Stored items
-----
(* Let $\pi$ be a probability measure on $\mathbb{R}^2$ whose first marginal $\pi_1$ has no atoms, and let $\psi:\mathbb{R}\to\mathbb{R}$ be a Borel function. Define $R_{op}=\{(x,y):x>\psi(y)\}$ and $R_{cl}=\{(x,y):x\ge\psi(y)\}$. Let $B$ be a standard Brownian motion started at $0$, and define $\tau_{op}(x,y)=\inf\{t\ge0:(x,y+B_t)\in R_{op}\}$ and $\tau_{cl}(x,y)=\inf\{t\ge0:(x,y+B_t)\in R_{cl}\}$. If $(X,Y)$ has distribution $\pi$ and is independent of $B$, then $\tau_{cl}(X,Y)=\tau_{op}(X,Y)$ almost surely. *)

theory Defs
  imports "HOL-Probability.Probability"
begin

text \<open>Standard (one-dimensional) Brownian motion started at 0 on a probability space M,
  indexed by times t \<ge> 0 (values at negative times are irrelevant).\<close>
definition std_brownian_motion :: "'a measure \<Rightarrow> (real \<Rightarrow> 'a \<Rightarrow> real) \<Rightarrow> bool" where
  "std_brownian_motion M B \<longleftrightarrow>
     prob_space M \<and>
     (\<forall>t\<ge>0. B t \<in> borel_measurable M) \<and>
     (\<forall>\<omega>\<in>space M. B 0 \<omega> = 0) \<and>
     (\<forall>\<omega>\<in>space M. continuous_on {0..} (\<lambda>t. B t \<omega>)) \<and>
     (\<forall>s t. 0 \<le> s \<and> s < t \<longrightarrow>
        distributed M lborel (\<lambda>\<omega>. B t \<omega> - B s \<omega>)
          (\<lambda>x. ennreal (normal_density 0 (sqrt (t - s)) x))) \<and>
     (\<forall>(ts :: nat \<Rightarrow> real) n. 0 \<le> ts 0 \<and> (\<forall>i<n. ts i < ts (Suc i)) \<longrightarrow>
        prob_space.indep_vars M (\<lambda>_. borel)
          (\<lambda>i \<omega>. B (ts (Suc i)) \<omega> - B (ts i) \<omega>) {..<n})"

text \<open>Independence of two random variables with possibly different value types
  (the library's indep_var requires equal types; this is its unfolding, cf. indep_var_eq).\<close>
definition indep_rvs :: "'a measure \<Rightarrow> 'b measure \<Rightarrow> ('a \<Rightarrow> 'b) \<Rightarrow> 'c measure \<Rightarrow> ('a \<Rightarrow> 'c) \<Rightarrow> bool" where
  "indep_rvs M S X T Y \<longleftrightarrow>
     X \<in> measurable M S \<and> Y \<in> measurable M T \<and>
     prob_space.indep_set M
       {X -` A \<inter> space M | A. A \<in> sets S}
       {Y -` A \<inter> space M | A. A \<in> sets T}"

text \<open>First hitting time of a set R by the process t \<mapsto> (x, y + B_t), with inf \<emptyset> = \<infinity>.\<close>
definition hitting_time ::
    "(real \<times> real) set \<Rightarrow> (real \<Rightarrow> 'a \<Rightarrow> real) \<Rightarrow> real \<Rightarrow> real \<Rightarrow> 'a \<Rightarrow> ereal" where
  "hitting_time R B x y \<omega> = Inf (ereal ` {t. t \<ge> 0 \<and> (x, y + B t \<omega>) \<in> R})"

end

theory Submission
  imports Defs
begin

text \<open>Write \<open>z t = Y + B t\<close>. The closed hitting time can only come first if the path
  reaches \<open>{\<psi> \<le> X}\<close> at some time \<open>t\<close> and then stays in \<open>{\<psi> \<ge> X}\<close> for a while. On a dyadic
  interval \<open>[0, q]\<close> around \<open>t\<close> the value \<open>z t\<close> is then the maximum or the minimum of the
  path: otherwise \<open>\<psi>\<close> would attain its infimum \<open>X\<close> on a rational interval, and these
  countably many values are avoided by \<open>X\<close>, whose law has no atoms. Such an extreme value
  is moreover either \<open>Y\<close> or one of countably many levels determined by \<open>\<psi>\<close> and \<open>X\<close>.

  For a fixed level \<open>c\<close>, the supremum of Brownian motion over the dyadic times in
  \<open>[0, q]\<close> is almost surely different from \<open>c\<close>: either it is already the supremum after
  some dyadic time \<open>a > 0\<close>, where \<open>B a\<close> has a density and is independent of the later
  increments, or \<open>B\<close> is non-positive at all times \<open>q / 2^k\<close>, which has probability \<open>0\<close> by
  the 0-1 law. Since \<open>(X, Y)\<close> is independent of \<open>B\<close>, the level may depend on \<open>(X, Y)\<close>.\<close>

section \<open>Independence\<close>

lemma indep_rvs_joint_distr:
  assumes P: "prob_space M" and I: "indep_rvs M S X T Y"
  shows "distr M S X \<Otimes>\<^sub>M distr M T Y = distr M (S \<Otimes>\<^sub>M T) (\<lambda>x. (X x, Y x))"
proof -
  interpret prob_space M by fact
  have rvs: "X \<in> measurable M S" "Y \<in> measurable M T" and ind:
    "indep_set {X -` A \<inter> space M | A. A \<in> sets S} {Y -` A \<inter> space M | A. A \<in> sets T}"
    using I unfolding indep_rvs_def by auto
  then have XY: "(\<lambda>x. (X x, Y x)) \<in> measurable M (S \<Otimes>\<^sub>M T)"
    by (intro measurable_Pair)
  let ?S = "distr M S X" and ?T = "distr M T Y" and ?J = "distr M (S \<Otimes>\<^sub>M T) (\<lambda>x. (X x, Y x))"
  interpret X: prob_space ?S by (rule prob_space_distr) fact
  interpret Y: prob_space ?T by (rule prob_space_distr) fact
  show "?S \<Otimes>\<^sub>M ?T = ?J"
  proof (rule pair_measure_eqI)
    show "sigma_finite_measure ?S" "sigma_finite_measure ?T" ..
    fix A B assume A: "A \<in> sets ?S" and B: "B \<in> sets ?T"
    have ev: "X -` A \<inter> space M \<in> events" "Y -` B \<inter> space M \<in> events"
      using rvs A B by auto
    have "prob ((X -` A \<inter> space M) \<inter> (Y -` B \<inter> space M))
        = prob (X -` A \<inter> space M) * prob (Y -` B \<inter> space M)"
    proof -
      have "X -` A \<inter> space M \<in> {X -` A \<inter> space M | A. A \<in> sets S}"
        "Y -` B \<inter> space M \<in> {Y -` A \<inter> space M | A. A \<in> sets T}" using A B by auto
      then show ?thesis using ind[unfolded indep_sets2_eq] by blast
    qed
    then have "emeasure M ((X -` A \<inter> space M) \<inter> (Y -` B \<inter> space M))
        = emeasure M (X -` A \<inter> space M) * emeasure M (Y -` B \<inter> space M)"
      using ev by (simp add: emeasure_eq_measure ennreal_mult)
    moreover have "(\<lambda>x. (X x, Y x)) -` (A \<times> B) \<inter> space M = (X -` A \<inter> space M) \<inter> (Y -` B \<inter> space M)"
      by auto
    ultimately show "emeasure ?S A * emeasure ?T B = emeasure ?J (A \<times> B)"
      using rvs XY A B by (simp add: emeasure_distr)
  qed simp
qed

lemma indep_rvs_null_if_sections_null:
  assumes P: "prob_space M" and I: "indep_rvs M S X T Y"
    and E: "E \<in> sets (S \<Otimes>\<^sub>M T)"
    and null: "\<And>x. x \<in> space S \<Longrightarrow> emeasure (distr M T Y) (Pair x -` E) = 0"
  shows "emeasure M {\<omega>\<in>space M. (X \<omega>, Y \<omega>) \<in> E} = 0"
proof -
  interpret prob_space M by fact
  have rvs: "X \<in> measurable M S" "Y \<in> measurable M T"
    using I unfolding indep_rvs_def by auto
  then have XY: "(\<lambda>x. (X x, Y x)) \<in> measurable M (S \<Otimes>\<^sub>M T)"
    by (intro measurable_Pair)
  interpret Y: prob_space "distr M T Y" by (rule prob_space_distr) fact
  have "emeasure M {\<omega>\<in>space M. (X \<omega>, Y \<omega>) \<in> E} = emeasure (distr M (S \<Otimes>\<^sub>M T) (\<lambda>x. (X x, Y x))) E"
    using E XY by (subst emeasure_distr) (auto intro!: arg_cong[where f="emeasure M"])
  also have "\<dots> = emeasure (distr M S X \<Otimes>\<^sub>M distr M T Y) E"
    using indep_rvs_joint_distr[OF P I] by simp
  also have "\<dots> = (\<integral>\<^sup>+ x. emeasure (distr M T Y) (Pair x -` E) \<partial>distr M S X)"
    using E by (intro Y.emeasure_pair_measure_alt) auto
  also have "\<dots> = 0"
    using null by (intro nn_integral_zero') (auto intro!: AE_I2)
  finally show ?thesis .
qed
-----
ABOUT THIS EXERCISE: Leave out every line above except those from the line with "(\<forall>(ts :: nat" up to and including the line with "text \<open>Write \<open>z", and copy those exactly.

OUTPUT:
     (\<forall>(ts :: nat \<Rightarrow> real) n. 0 \<le> ts 0 \<and> (\<forall>i<n. ts i < ts (Suc i)) \<longrightarrow>
        prob_space.indep_vars M (\<lambda>_. borel)
          (\<lambda>i \<omega>. B (ts (Suc i)) \<omega> - B (ts i) \<omega>) {..<n})"

text \<open>Independence of two random variables with possibly different value types
  (the library's indep_var requires equal types; this is its unfolding, cf. indep_var_eq).\<close>
definition indep_rvs :: "'a measure \<Rightarrow> 'b measure \<Rightarrow> ('a \<Rightarrow> 'b) \<Rightarrow> 'c measure \<Rightarrow> ('a \<Rightarrow> 'c) \<Rightarrow> bool" where
  "indep_rvs M S X T Y \<longleftrightarrow>
     X \<in> measurable M S \<and> Y \<in> measurable M T \<and>
     prob_space.indep_set M
       {X -` A \<inter> space M | A. A \<in> sets S}
       {Y -` A \<inter> space M | A. A \<in> sets T}"

text \<open>First hitting time of a set R by the process t \<mapsto> (x, y + B_t), with inf \<emptyset> = \<infinity>.\<close>
definition hitting_time ::
    "(real \<times> real) set \<Rightarrow> (real \<Rightarrow> 'a \<Rightarrow> real) \<Rightarrow> real \<Rightarrow> real \<Rightarrow> 'a \<Rightarrow> ereal" where
  "hitting_time R B x y \<omega> = Inf (ereal ` {t. t \<ge> 0 \<and> (x, y + B t \<omega>) \<in> R})"

end

theory Submission
  imports Defs
begin

text \<open>Write \<open>z t = Y + B t\<close>. The closed hitting time can only come first if the path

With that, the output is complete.